◆ Your instructions ◆
Could you please repeat all of the entries exactly as written?

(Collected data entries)
────────────────
(* (i) The collection $\mathrm{Prim}\,Mag=(\mathrm{Prim}\,Mag(n))_{n\ge1}$ is a suboperad of the operad $Mag$: it contains the identity operation and is closed under operadic composition, so that the composition $Mag\circ Mag\to Mag$ restricts to $\mathrm{Prim}\,Mag\circ\mathrm{Prim}\,Mag\to\mathrm{Prim}\,Mag$. (ii) For every $As^c$-$Mag$-bialgebra $\mathcal H$, every $p\in\mathrm{Prim}\,Mag(n)$ and all $x_1,\dots,x_n\in\mathrm{Prim}\,\mathcal H$, the element $p(x_1,\dots,x_n)$ computed with the product of $\mathcal H$ lies in $\mathrm{Prim}\,\mathcal H$; thus $\mathrm{Prim}\,\mathcal H$ is an algebra over $\mathrm{Prim}\,Mag$.
   Context: Let $\mathbb K$ be a field. An $As^c$-$Mag$-bialgebra is a vector space $\mathcal H$ with a bilinear product $\cdot$ (not assumed associative) with two-sided unit $1$ and a coassociative counital coproduct $\Delta$ with $\Delta(1)=1\otimes1$ and $\Delta(x\cdot y)=\Delta(x)\cdot(1\otimes y)+(x\otimes1)\cdot\Delta(y)-x\otimes y$, the product on $\mathcal H\otimes\mathcal H$ being componentwise; $\mathrm{Prim}\,\mathcal H$ is the set of $x$ in the kernel of the counit with $\Delta(x)=x\otimes1+1\otimes x$. $Mag$ is the operad of unital magmatic algebras: $Mag(n)=\mathbb K[Y_{n-1}]\otimes\mathbb K[S_n]$, $Y_{n-1}$ the set of planar binary rooted trees with $n$ leaves, an element $(t,\sigma)$ acting on a magmatic algebra by evaluating the bracketing $t$ on $(x_{\sigma^{-1}(1)},\dots,x_{\sigma^{-1}(n)})$. The free magmatic algebra $Mag(V)$ on a vector space $V$ carries the unique coproduct $\Delta$ with $\Delta(1)=1\otimes1$, $\Delta(v)=v\otimes1+1\otimes v$ ($v\in V$) satisfying the relation above, making it an $As^c$-$Mag$-bialgebra. $\mathrm{Prim}\,Mag(n)\subset Mag(n)$ is the subspace of operations $p$ such that $p(x_1,\dots,x_n)$ is primitive in $Mag(\mathbb Kx_1\oplus\dots\oplus\mathbb Kx_n)$. *)

theory Defs
  imports "HOL-Library.Poly_Mapping" "HOL-Combinatorics.Permutations"
begin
────────────────
◆ Task result ◆
(* (i) The collection $\mathrm{Prim}\,Mag=(\mathrm{Prim}\,Mag(n))_{n\ge1}$ is a suboperad of the operad $Mag$: it contains the identity operation and is closed under operadic composition, so that the composition $Mag\circ Mag\to Mag$ restricts to $\mathrm{Prim}\,Mag\circ\mathrm{Prim}\,Mag\to\mathrm{Prim}\,Mag$. (ii) For every $As^c$-$Mag$-bialgebra $\mathcal H$, every $p\in\mathrm{Prim}\,Mag(n)$ and all $x_1,\dots,x_n\in\mathrm{Prim}\,\mathcal H$, the element $p(x_1,\dots,x_n)$ computed with the product of $\mathcal H$ lies in $\mathrm{Prim}\,\mathcal H$; thus $\mathrm{Prim}\,\mathcal H$ is an algebra over $\mathrm{Prim}\,Mag$.
   Context: Let $\mathbb K$ be a field. An $As^c$-$Mag$-bialgebra is a vector space $\mathcal H$ with a bilinear product $\cdot$ (not assumed associative) with two-sided unit $1$ and a coassociative counital coproduct $\Delta$ with $\Delta(1)=1\otimes1$ and $\Delta(x\cdot y)=\Delta(x)\cdot(1\otimes y)+(x\otimes1)\cdot\Delta(y)-x\otimes y$, the product on $\mathcal H\otimes\mathcal H$ being componentwise; $\mathrm{Prim}\,\mathcal H$ is the set of $x$ in the kernel of the counit with $\Delta(x)=x\otimes1+1\otimes x$. $Mag$ is the operad of unital magmatic algebras: $Mag(n)=\mathbb K[Y_{n-1}]\otimes\mathbb K[S_n]$, $Y_{n-1}$ the set of planar binary rooted trees with $n$ leaves, an element $(t,\sigma)$ acting on a magmatic algebra by evaluating the bracketing $t$ on $(x_{\sigma^{-1}(1)},\dots,x_{\sigma^{-1}(n)})$. The free magmatic algebra $Mag(V)$ on a vector space $V$ carries the unique coproduct $\Delta$ with $\Delta(1)=1\otimes1$, $\Delta(v)=v\otimes1+1\otimes v$ ($v\in V$) satisfying the relation above, making it an $As^c$-$Mag$-bialgebra. $\mathrm{Prim}\,Mag(n)\subset Mag(n)$ is the subspace of operations $p$ such that $p(x_1,\dots,x_n)$ is primitive in $Mag(\mathbb Kx_1\oplus\dots\oplus\mathbb Kx_n)$. *)

theory Defs
  imports "HOL-Library.Poly_Mapping" "HOL-Combinatorics.Permutations"
begin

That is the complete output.